▸ Required work: Transcribe, word for word and with nothing extra, the line containing "finally show ?thesis" and each line that comes after it in the entries.

▸ Listed entries:
------------------------------------------------------------------------

definition transitivity_sequences ::
    "(('a::topological_space \<Rightarrow> complex) \<Rightarrow> real) \<Rightarrow> ('a \<Rightarrow> 'a) \<Rightarrow> ('a \<Rightarrow> real) \<Rightarrow> 'a set \<Rightarrow>
      (nat \<Rightarrow> nat) \<Rightarrow> (nat \<Rightarrow> 'a set) \<Rightarrow> (nat \<Rightarrow> 'a set) \<Rightarrow> (nat \<Rightarrow> 'a set) \<Rightarrow> bool" where
  "transitivity_sequences N \<alpha> w K nk E F D \<longleftrightarrow>
     strict_mono nk \<and>
     (\<forall>k. E k \<subseteq> K \<and> F k \<subseteq> K \<and> D k \<subseteq> K \<and>
          E k \<in> sets borel \<and> F k \<in> sets borel \<and> D k \<in> sets borel \<and>
          E k = D k \<union> F k \<and> D k \<inter> F k = {}) \<and>
     (\<lambda>k. N (indicator (K - E k))) \<longlonglongrightarrow> 0 \<and>
     (\<lambda>k. supr (D k) (wback \<alpha> w (2 * nk k))) \<longlonglongrightarrow> 0 \<and>
     (\<lambda>k. supr (F k) (wfwdinv \<alpha> w (2 * nk k))) \<longlonglongrightarrow> 0 \<and>
     (\<lambda>k. supr (E k) (wback \<alpha> w (nk k)) * supr (D k) (wback \<alpha> w (nk k))) \<longlonglongrightarrow> 0 \<and>
     (\<lambda>k. supr (E k) (wback \<alpha> w (nk k)) * supr (F k) (wfwdinv \<alpha> w (nk k))) \<longlonglongrightarrow> 0 \<and>
     (\<lambda>k. supr (E k) (wfwdinv \<alpha> w (nk k)) * supr (D k) (wback \<alpha> w (nk k))) \<longlonglongrightarrow> 0 \<and>
     (\<lambda>k. supr (E k) (wfwdinv \<alpha> w (nk k)) * supr (F k) (wfwdinv \<alpha> w (nk k))) \<longlonglongrightarrow> 0"

lemma transitivity_sequences_product_tendsto:
  assumes "transitivity_sequences N \<alpha> w K nk E F D"
  shows "(\<lambda>k. (supr (E k) (wback \<alpha> w (nk k)) + supr (E k) (wfwdinv \<alpha> w (nk k)))
      * (supr (D k) (wback \<alpha> w (nk k)) + supr (F k) (wfwdinv \<alpha> w (nk k)))) \<longlonglongrightarrow> 0"
proof -
  have "(\<lambda>k. (supr (E k) (wback \<alpha> w (nk k)) + supr (E k) (wfwdinv \<alpha> w (nk k)))
      * (supr (D k) (wback \<alpha> w (nk k)) + supr (F k) (wfwdinv \<alpha> w (nk k)))) \<longlonglongrightarrow> (0 + 0) + (0 + 0)"
    unfolding distrib_left distrib_right
    using assms unfolding transitivity_sequences_def by (intro tendsto_add) blast+
  then show ?thesis by simp
qed

locale weighted_composition = solid_function_space Fs N
  for Fs :: "('a::topological_space \<Rightarrow> complex) set" and N +
  fixes \<alpha> :: "'a \<Rightarrow> 'a" and w :: "'a \<Rightarrow> real" and M Mi :: real
  assumes homeo: "homeomorphism UNIV UNIV \<alpha> (inv \<alpha>)"
    and invariant: "alpha_invariant Fs N \<alpha>"
    and w_measurable: "w \<in> borel_measurable borel"
    and w_pos: "\<And>x. 0 < w x"
    and w_le: "\<And>x. w x \<le> M"
    and inverse_w_le: "\<And>x. 1 / w x \<le> Mi"
begin

abbreviation "T \<equiv> Twc \<alpha> w"
abbreviation "S \<equiv> Swc \<alpha> w"
(* Let $(T_1,\dots,T_k)$ be a tuple of contractions on a Hilbert space $\mathcal{H}$ and $q_{ij}\in\mathbb{T}$ ($1\le i<j\le k$) such that $T_iT_j=q_{ij}T_jT_i$ and $T_iT_j^*=\overline{q_{ij}}\,T_j^*T_i$ for $1\le i<j\le k$. Let $G_{dc}$ be the group described in the context and define $T:G_{dc}\to\mathcal{B}(\mathcal{H})$ by \[ T\Big(\prod_{1\le i<j\le k}q_{ij}^{m_{ij}}s_1^{m_1}\cdots s_k^{m_k}\Big)=\prod_{1\le i<j\le k}q_{ij}^{m_{ij}}\,T_1(m_1)\cdots T_k(m_k), \] where on the right $q_{ij}^{m_{ij}}$ denotes the power of the scalar $q_{ij}$. Then $T$ is positive definite if and only if \[ S(u)=\sum_{v\subseteq u}(-1)^{|v|}T(x^{e(v)})^*T(x^{e(v)})\ge 0 \] for every subset $u$ of $\{1,\dots,k\}$.
   Context: For a contraction $C$ and $m\in\mathbb{Z}$: $C(m)=C^m$ if $m\ge1$, $C(0)=I$, and $C(m)=(C^* )^{|m|}$ if $m<0$. The group $G_{dc}$ consists of formal elements $x^m=\prod_{1\le i<j\le k}q_{ij}^{m_{ij}}s_1^{m_1}\cdots s_k^{m_k}$ indexed by $m=(m_{ij}\,(1\le i<j\le k);\,m_1,\dots,m_k)$ with all entries in $\mathbb{Z}$, where $s_1,\dots,s_k$ and $q_{ij}$ are indeterminates subject to $s_is_j=q_{ij}s_js_i$, $s_is_j^{-1}=q_{ij}^{-1}s_j^{-1}s_i$ ($i<j$), with the $q_{ij}$ central; concretely the product is $x^mx^n=\prod_{1\le i<j\le k}q_{ij}^{-n_im_j}\,x^{m+n}$ (i.e. the $q_{ij}$-exponents add and are corrected by $-n_im_j$, the $s_l$-exponents add), the identity is $x^0$ and $(x^m)^{-1}=\prod_{i<j}q_{ij}^{-m_im_j}x^{-m}$. For $v\subseteq\{1,\dots,k\}$, $x^{e(v)}=s_1^{e_1}\cdots s_k^{e_k}$ with $e_l=1$ if $l\in v$ and $0$ otherwise (all $q_{ij}$-exponents zero); thus $T(x^{e(v)})$ is the product of the $T_l$, $l\in v$, in increasing order of $l$. A function $T:G\to\mathcal{B}(\mathcal{H})$ on a group $G$ is positive definite if $T(s^{-1})=T(s)^*$ for all $s\in G$ and $\sum_{s,t\in G}\langle T(t^{-1}s)h(s),h(t)\rangle\ge0$ for every finitely supported $h:G\to\mathcal{H}$. *)

theory Defs
  imports "HOL-Analysis.Analysis" "HOL-Library.Complex_Order"
begin

text \<open>The inner product is linear in the first and conjugate-linear in the second argument;
the norm is the one induced by the inner product; a Hilbert space is a complete one.\<close>

class complex_inner_space = real_normed_vector +
  fixes scaleC :: "complex \<Rightarrow> 'a \<Rightarrow> 'a"
    and cinner :: "'a \<Rightarrow> 'a \<Rightarrow> complex"
  assumes scaleC_add_right: "scaleC a (x + y) = scaleC a x + scaleC a y"
    and scaleC_add_left: "scaleC (a + b) x = scaleC a x + scaleC b x"
    and scaleC_scaleC: "scaleC a (scaleC b x) = scaleC (a * b) x"
    and scaleC_one: "scaleC 1 x = x"
    and scaleR_scaleC: "scaleR r x = scaleC (complex_of_real r) x"
    and cinner_commute: "cinner x y = cnj (cinner y x)"
    and cinner_add_left: "cinner (x + y) z = cinner x z + cinner y z"
    and cinner_scaleC_left: "cinner (scaleC c x) y = c * cinner x y"
    and cinner_self_ge_zero: "0 \<le> Re (cinner x x)"
    and cinner_self_eq_zero: "cinner x x = 0 \<longleftrightarrow> x = 0"
    and norm_eq_sqrt_cinner: "norm x = sqrt (Re (cinner x x))"

class chilbert_space = complex_inner_space + complete_space

definition clinear_op :: "('h::complex_inner_space \<Rightarrow> 'h) \<Rightarrow> bool" where
  "clinear_op A \<longleftrightarrow> (\<forall>x y. A (x + y) = A x + A y) \<and> (\<forall>c x. A (scaleC c x) = scaleC c (A x))"

definition contraction :: "('h::complex_inner_space \<Rightarrow> 'h) \<Rightarrow> bool" where
  "contraction A \<longleftrightarrow> clinear_op A \<and> (\<forall>x. norm (A x) \<le> norm x)"

text \<open>Hilbert space adjoint (exists and is unique for bounded operators on Hilbert spaces).\<close>
definition adj :: "('h::complex_inner_space \<Rightarrow> 'h) \<Rightarrow> ('h \<Rightarrow> 'h)" where
  "adj A = (SOME B. \<forall>x y. cinner (A x) y = cinner x (B y))"

definition op_scale :: "complex \<Rightarrow> ('h::complex_inner_space \<Rightarrow> 'h) \<Rightarrow> ('h \<Rightarrow> 'h)" where
  "op_scale c A = (\<lambda>x. scaleC c (A x))"

text \<open>Positive operator: \<open>\<langle>A x, x\<rangle> \<ge> 0\<close> (complex order: real and nonnegative).\<close>
definition op_pos :: "('h::complex_inner_space \<Rightarrow> 'h) \<Rightarrow> bool" where
  "op_pos A \<longleftrightarrow> (\<forall>x. 0 \<le> cinner (A x) x)"

definition op_ipow :: "('h::complex_inner_space \<Rightarrow> 'h) \<Rightarrow> int \<Rightarrow> ('h \<Rightarrow> 'h)" where
  "op_ipow C m = (if m \<ge> 1 then C ^^ nat m else if m = 0 then id else adj C ^^ nat (- m))"

definition op_prod :: "(nat \<Rightarrow> ('h \<Rightarrow> 'h)) \<Rightarrow> nat list \<Rightarrow> ('h \<Rightarrow> 'h)" where
  "op_prod f xs = foldr (\<lambda>i acc. f i \<circ> acc) xs id"

text \<open>An element \<open>x^m\<close> is encoded by the pair \<open>(mq, ms)\<close> with \<open>mq i j = m_ij\<close> for
\<open>1 \<le> i < j \<le> k\<close> and \<open>ms l = m_l\<close> for \<open>1 \<le> l \<le> k\<close>; all other entries are 0.\<close>
type_synonym gdc = "(nat \<Rightarrow> nat \<Rightarrow> int) \<times> (nat \<Rightarrow> int)"

definition pairs :: "nat \<Rightarrow> (nat \<times> nat) set" where
  "pairs k = {(i, j). 1 \<le> i \<and> i < j \<and> j \<le> k}"

definition gdc_carrier :: "nat \<Rightarrow> gdc set" where
  "gdc_carrier k = {(mq, ms). (\<forall>i j. (i, j) \<notin> pairs k \<longrightarrow> mq i j = 0) \<and>
                               (\<forall>l. l \<notin> {1..k} \<longrightarrow> ms l = 0)}"

text \<open>\<open>x^m x^n = \<Prod> q_ij^{-n_i m_j} x^{m+n}\<close>.\<close>
definition gdc_mult :: "nat \<Rightarrow> gdc \<Rightarrow> gdc \<Rightarrow> gdc" where
  "gdc_mult k x y = (\<lambda>i j. fst x i j + fst y i j - (if (i, j) \<in> pairs k then snd y i * snd x j else 0),
                     \<lambda>l. snd x l + snd y l)"

definition gdc_one :: gdc where
  "gdc_one = (\<lambda>i j. 0, \<lambda>l. 0)"

text \<open>\<open>(x^m)^{-1} = \<Prod> q_ij^{-m_i m_j} x^{-m}\<close>.\<close>
definition gdc_inv :: "nat \<Rightarrow> gdc \<Rightarrow> gdc" where
  "gdc_inv k x = (\<lambda>i j. - fst x i j - (if (i, j) \<in> pairs k then snd x i * snd x j else 0),
                  \<lambda>l. - snd x l)"

definition gdc_e :: "nat set \<Rightarrow> gdc" where
  "gdc_e v = (\<lambda>i j. 0, \<lambda>l. if l \<in> v then 1 else 0)"

definition positive_definite ::
  "'g set \<Rightarrow> ('g \<Rightarrow> 'g \<Rightarrow> 'g) \<Rightarrow> ('g \<Rightarrow> 'g) \<Rightarrow> ('g \<Rightarrow> ('h::complex_inner_space \<Rightarrow> 'h)) \<Rightarrow> bool" where
  "positive_definite G gmult ginv T \<longleftrightarrow>
     (\<forall>s\<in>G. T (ginv s) = adj (T s)) \<and>
     (\<forall>F h. finite F \<longrightarrow> F \<subseteq> G \<longrightarrow>
        0 \<le> (\<Sum>s\<in>F. \<Sum>t\<in>F. cinner (T (gmult (ginv t) s) (h s)) (h t)))"

definition Tdc :: "nat \<Rightarrow> (nat \<Rightarrow> nat \<Rightarrow> complex) \<Rightarrow> (nat \<Rightarrow> ('h::complex_inner_space \<Rightarrow> 'h))
                   \<Rightarrow> gdc \<Rightarrow> ('h \<Rightarrow> 'h)" where
  "Tdc k q Ts x = op_scale (\<Prod>(i, j)\<in>pairs k. q i j powi fst x i j)
                     (op_prod (\<lambda>l. op_ipow (Ts l) (snd x l)) [1..<k+1])"

definition Sop :: "nat \<Rightarrow> (nat \<Rightarrow> nat \<Rightarrow> complex) \<Rightarrow> (nat \<Rightarrow> ('h::complex_inner_space \<Rightarrow> 'h))
                   \<Rightarrow> nat set \<Rightarrow> ('h \<Rightarrow> 'h)" where
  "Sop k q Ts u = (\<lambda>x. \<Sum>v\<in>Pow u. scaleC ((-1) ^ card v)
                         (adj (Tdc k q Ts (gdc_e v)) (Tdc k q Ts (gdc_e v) x)))"

end

theory Submission
  imports Defs "HOL-Library.Function_Algebras"
begin

text \<open>Both sides of the equivalence hold for every doubly \<open>q\<close>-commuting tuple of contractions.
  Moving \<open>T\<^sub>i\<close> and \<open>T\<^sub>i\<^sup>*\<close> past \<open>T\<^sub>j\<close> and \<open>T\<^sub>j\<^sup>*\<close> (\<open>i \<noteq> j\<close>) only produces unimodular scalars, which
  cancel in \<open>T\<^sub>i\<^sup>*T\<^sub>i\<close>.  Hence \<open>S(u)\<close> is the product of the commuting defects
  \<open>I - T\<^sub>i\<^sup>*T\<^sub>i\<close>, \<open>i \<in> u\<close>, which is positive by F. Riesz's theorem on products of commuting
  positive operators.

  For positive definiteness, the kernel \<open>T(t\<^sup>-\<^sup>1s)\<close> is, after absorbing unimodular factors into
  the vectors, of the form \<open>K\<^sub>k(I)\<close> for kernels \<open>K\<^sub>m(P)\<close> built from the first \<open>m\<close> variables and a
  positive operator \<open>P\<close> commuting with them.  Grouping the entries by the exponent of \<open>s\<^sub>m\<^sub>+\<^sub>1\<close>
  turns \<open>K\<^sub>m\<^sub>+\<^sub>1(P)\<close> into a Toeplitz kernel over \<open>K\<^sub>m(P)\<close> for the contraction \<open>T\<^sub>m\<^sub>+\<^sub>1\<close>, whose
  positivity reduces, by the telescoping argument behind Sz.-Nagy's dilation theorem, to that of
  \<open>K\<^sub>m(P)\<close> and \<open>K\<^sub>m(P (I - T\<^sub>m\<^sub>+\<^sub>1\<^sup>*T\<^sub>m\<^sub>+\<^sub>1))\<close>; induction on \<open>m\<close> finishes the proof.
  Adjoints exist by the Riesz representation theorem, proved via nearest points.\<close>

lemma cinner_add_right: "cinner x (y + z) = cinner x y + cinner x z"
  by (metis cinner_add_left cinner_commute complex_cnj_add)

lemma cinner_scaleC_right: "cinner x (scaleC c y) = cnj c * cinner x y"
  by (metis cinner_commute cinner_scaleC_left complex_cnj_mult complex_cnj_cnj)

lemma cinner_zero_left [simp]: "cinner 0 y = 0"
  using cinner_add_left[of 0 0 y] by simp

lemma cinner_zero_right [simp]: "cinner x 0 = 0"
  using cinner_add_right[of x 0 0] by simp

lemma cinner_minus_left: "cinner (- x) y = - cinner x y"
  using cinner_add_left[of "-x" x y] by (simp add: eq_neg_iff_add_eq_0)

lemma cinner_minus_right: "cinner x (- y) = - cinner x y"
  using cinner_add_right[of x "-y" y] by (simp add: eq_neg_iff_add_eq_0)

lemma cinner_diff_left: "cinner (x - y) z = cinner x z - cinner y z"
  using cinner_add_left[of x "-y" z] cinner_minus_left[of y z] by simp

lemma cinner_diff_right: "cinner x (y - z) = cinner x y - cinner x z"
  using cinner_add_right[of x y "-z"] cinner_minus_right[of x z] by simp

lemma cinner_sum_left: "cinner (\<Sum>i\<in>I. f i) y = (\<Sum>i\<in>I. cinner (f i) y)"
  by (induction I rule: infinite_finite_induct) (auto simp: cinner_add_left)

lemma cinner_sum_right: "cinner x (\<Sum>i\<in>I. f i) = (\<Sum>i\<in>I. cinner x (f i))"
  by (induction I rule: infinite_finite_induct) (auto simp: cinner_add_right)

lemma scaleC_zero_right [simp]: "scaleC c 0 = 0"
  using scaleC_add_right[of c 0 0] by simp

lemma scaleC_zero_left [simp]: "scaleC 0 x = 0"
  using scaleC_add_left[of 0 0 x] by simp

lemma scaleC_minus_right: "scaleC c (- x) = - scaleC c x"
  using scaleC_add_right[of c "-x" x] by (simp add: eq_neg_iff_add_eq_0)

lemma scaleC_diff_right: "scaleC c (x - y) = scaleC c x - scaleC c y"
  using scaleC_add_right[of c x "-y"] scaleC_minus_right[of c y] by simp

lemma scaleC_minus_left: "scaleC (- c) x = - scaleC c x"
  using scaleC_add_left[of "-c" c x] by (simp add: eq_neg_iff_add_eq_0)

lemma scaleC_minus1_left: "scaleC (-1) x = - x"
  using scaleR_scaleC[of "-1" x] by simp

lemma cinner_self: "cinner x x = complex_of_real ((norm x)\<^sup>2)"
proof -
  have "Im (cinner x x) = 0"
    using arg_cong[OF cinner_commute[of x x], of Im] by simp
  moreover have "Re (cinner x x) = (norm x)\<^sup>2"
    using norm_eq_sqrt_cinner[of x] cinner_self_ge_zero[of x] by simp
  ultimately show ?thesis by (simp add: complex_eq_iff)
qed

lemma power2_norm_eq_cinner: "(norm x)\<^sup>2 = Re (cinner x x)"
  by (simp add: cinner_self)

lemma cinner_self_nonneg: "0 \<le> cinner x x"
  by (simp add: cinner_self less_eq_complex_def)

lemma norm_scaleC: "norm (scaleC c x) = cmod c * norm x"
proof -
  have "cinner (scaleC c x) (scaleC c x) = c * cnj c * cinner x x"
    by (simp add: cinner_scaleC_left cinner_scaleC_right)
  also have "\<dots> = complex_of_real ((cmod c * norm x)\<^sup>2)"
    by (simp add: complex_norm_square[symmetric] cinner_self power_mult_distrib)
  finally show ?thesis
    by (simp add: norm_eq_sqrt_cinner[of "scaleC c x"])
qed

lemma cinner_left_ext: "(\<And>z. cinner x z = cinner y z) \<Longrightarrow> x = y"
  by (metis cinner_diff_left cinner_self_eq_zero right_minus_eq)

lemma cinner_right_ext: "(\<And>z. cinner z x = cinner z y) \<Longrightarrow> x = y"
  by (metis cinner_commute cinner_left_ext)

------------------------------------------------------------------------

▸ Solution to the exercise:
  finally show ?thesis
    by (simp add: norm_eq_sqrt_cinner[of "scaleC c x"])
qed

lemma cinner_left_ext: "(\<And>z. cinner x z = cinner y z) \<Longrightarrow> x = y"
  by (metis cinner_diff_left cinner_self_eq_zero right_minus_eq)

lemma cinner_right_ext: "(\<And>z. cinner z x = cinner z y) \<Longrightarrow> x = y"
  by (metis cinner_commute cinner_left_ext)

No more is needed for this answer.